Two from Vertigo Games.
philo

Trad climber
boulder, co.
Topic Author's Reply - Mar 15, 2009 - 01:56pm PT
Nice Steve G. I love the rack of old school gear behind the Newberry's Store hat wearing Hobbit. Old grey jumars, slung hexes, tubes and a lone cam. A bit of a rarity in that they were not widely available yet and were considered a bit of a cheat.
Olihphant

climber
Somewhere over the rainbow
Apr 27, 2009 - 10:53am PT
In 1976 when (Tom) Pulaski, (Jimmy) Newberry, (John) Rosholt and (John) Pearson set off for the First ascent of Journey through Mirkwood of the Painted Wall they were some of the first souls to ever set hand and foot on the big psychedelic stone. Day one had them do the early morning approach with full wall gear down the virtually untrod SOB gully. Then awkward climbing and brutal hauling of their otherworldly load up to the first scree field took the rest of the day. They decided to bivy there at the upper edge of the ledge system.

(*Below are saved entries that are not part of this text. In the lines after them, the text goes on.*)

text \<open>A neighbour of the endpoint off the path would extend the path, and a neighbour on the path
  other than its predecessor would close a cycle.\<close>
lemma longest_path_last_adj:
  assumes "graph_on V E" "\<not> has_cycle_on V E"
    and ps: "is_path E ps" "set ps \<subseteq> V" "length ps \<ge> 2"
    and longest: "\<And>vs. is_path E vs \<Longrightarrow> set vs \<subseteq> V \<Longrightarrow> length vs \<le> length ps"
    and w: "adj E (last ps) w"
  shows "w = ps ! (length ps - 2)"
proof (cases "w \<in> set ps")
  case False
  have "ps \<noteq> []" using ps(3) by auto
  then have "is_path E (ps @ [w])" using is_path_snoc ps(1) w False by blast
  moreover have "set (ps @ [w]) \<subseteq> V" using ps(2) graph_on_adjD[OF assms(1) w] by simp
  ultimately have "length (ps @ [w]) \<le> length ps" using longest by blast
  then show ?thesis by simp
next
  case True
  then obtain i where i: "i < length ps" "ps ! i = w" by (auto simp: in_set_conv_nth)
  have "ps \<noteq> []" using ps(3) by auto
  then have "ps ! (length ps - 1) = last ps" by (simp add: last_conv_nth)
  moreover have "w \<noteq> last ps" using w unfolding adj_def by auto
  ultimately have "i \<noteq> length ps - 1" using i by auto
  show ?thesis
  proof (rule ccontr)
    assume "w \<noteq> ps ! (length ps - 2)"
    then have "i \<noteq> length ps - 2" using i(2) by blast
    then have "i + 3 \<le> length ps" using i(1) \<open>i \<noteq> length ps - 1\<close> by linarith
    moreover have "set (drop i ps) \<subseteq> V" using ps(2) by (meson set_drop_subset order_trans)
    moreover have "adj E (last (drop i ps)) (hd (drop i ps))"
      using w i by (simp add: hd_drop_conv_nth)
    ultimately have "has_cycle_on V E"
      unfolding has_cycle_on_def using is_path_drop[OF ps(1)]
      by (intro exI[of _ "drop i ps"]) simp
    then show False using assms(2) by simp
  qed
qed

lemma acyclic_has_leaf:
  assumes "finite V" "graph_on V E" "E \<noteq> {}" "\<not> has_cycle_on V E"
  obtains v u where "adj E v u" "\<And>w. adj E v w \<Longrightarrow> w = u"
proof -
  let ?P = "\<lambda>vs. is_path E vs \<and> set vs \<subseteq> V"
  obtain e where "e \<in> E" using assms(3) by blast
  then obtain a b where "{a, b} \<in> E" "a \<noteq> b" "a \<in> V" "b \<in> V"
    using assms(2) unfolding graph_on_def by force
  then have "?P [a, b]" unfolding is_path_def adj_def by auto
  moreover have "length vs < Suc (card V)" if "?P vs" for vs
    using that is_path_length_le_card[OF _ _ assms(1)] by (meson le_imp_less_Suc)
  ultimately obtain ps where ps: "?P ps" and longest: "\<And>vs. ?P vs \<Longrightarrow> length vs \<le> length ps"
    using ex_has_greatest_nat[of ?P _ length] by blast
  have "length ps \<ge> 2" using longest[OF \<open>?P [a, b]\<close>] by simp
  moreover have "ps \<noteq> []" using \<open>length ps \<ge> 2\<close> by auto
  ultimately have "length ps - 2 + 1 < length ps" "ps ! (length ps - 2 + 1) = last ps"
    by (auto simp: last_conv_nth numeral_2_eq_2 Suc_diff_Suc)
  then have "adj E (ps ! (length ps - 2)) (last ps)"
    using ps unfolding is_path_def by metis
  then show thesis
    using that adj_sym longest_path_last_adj[OF assms(2,4) _ _ \<open>length ps \<ge> 2\<close>] ps longest
    by blast
qed

locale leaf_edge =
  fixes V :: "nat set" and E :: "nat set set" and v u :: nat
  assumes graph: "graph_on V E"
    and adj_leaf: "adj E v u"
    and leaf_unique: "\<And>w. adj E v w \<Longrightarrow> w = u"
begin

lemma adj_without_leaf: "adj E x y \<Longrightarrow> x \<noteq> v \<Longrightarrow> y \<noteq> v \<Longrightarrow> adj (E - {{u, v}}) x y"
  unfolding adj_def by (auto simp: doubleton_eq_iff)

lemma graph_on_remove_leaf: "graph_on (V - {v}) (E - {{u, v}})"
  unfolding graph_on_def
proof
  fix e assume e: "e \<in> E - {{u, v}}"
  then obtain i j where ij: "e = {i, j}" "i \<noteq> j" "i \<in> V" "j \<in> V"
    using graph unfolding graph_on_def by blast
  have off_leaf: "x \<noteq> v" if "{x, y} \<in> E - {{u, v}}" "x \<noteq> y" for x y
  proof
    assume "x = v"
    then have "adj E v y" using that unfolding adj_def by auto
    then have "y = u" by (rule leaf_unique)
    then show False using that \<open>x = v\<close> by (auto simp: insert_commute)
  qed
  have "i \<noteq> v" "j \<noteq> v"
    using off_leaf[of i j] off_leaf[of j i] e ij by (auto simp: insert_commute)
  then show "\<exists>i j. e = {i, j} \<and> i \<noteq> j \<and> i \<in> V - {v} \<and> j \<in> V - {v}"
    using ij by blast
qed

text \<open>A walk from a vertex other than the leaf reaches the leaf only through its neighbour,
  so every vertex it visits before or after is reachable without the leaf edge.\<close>
lemma reach_remove_leaf:
  assumes "(i, b) \<in> {(x, y). adj E x y}\<^sup>*" "i \<noteq> v"
  shows "(i, if b = v then u else b) \<in> {(x, y). adj (E - {{u, v}}) x y}\<^sup>*"
  using assms(1)
proof (induction rule: rtrancl_induct)
  case base
  then show ?case using assms(2) by simp
next
  case (step b b')
  then have bb': "adj E b b'" by simp
  consider "b = v" | "b' = v" | "b \<noteq> v" "b' \<noteq> v" by blast
  then show ?case
  proof cases
    case 1
    then have "b' = u" using leaf_unique bb' by blast
    then show ?thesis using step.IH 1 adj_leaf unfolding adj_def by auto
  next
    case 2
    then have "b = u" using leaf_unique adj_sym[OF bb'] by blast
    then show ?thesis using step.IH 2 adj_leaf unfolding adj_def by auto
  next
    case 3
    then show ?thesis
      using step.IH adj_without_leaf[OF bb'] by (simp add: rtrancl.rtrancl_into_rtrancl)
  qed
qed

While re-racking and pulling out gear for the night a rogue gust of wind caught Tom's new ensolite pad and kited it all around the sloping field of chossness. Tom, having already lost a few other pads was apoplectic at the thought of losing another one at the start of a multiday adventure. Off he went running after it like a kid chasing a butterfly. It took the other three laughing ropemates a while before they realized that the mischievous pads current flight path was going to lead Pulaski right off the edge and into the Gunnison River far below. TOM, TOM, TOM! they screamed in panicked unison. Pulaski was, like a Lab retriever chasing after a tossed stick, totally focused. It was only at the last moment when Tom either finally realized his peril or finally heard the desperately barked commands to SIT, STAY! BAD DOG,NO FETCH! He skidded to a stop and watched his precious ensolite pad flutter down to the river and away. Glumly trudging back to their camp 1 he knew it was gonna be a butt cold night but at least he would be there to suffer through it in proud Polish style.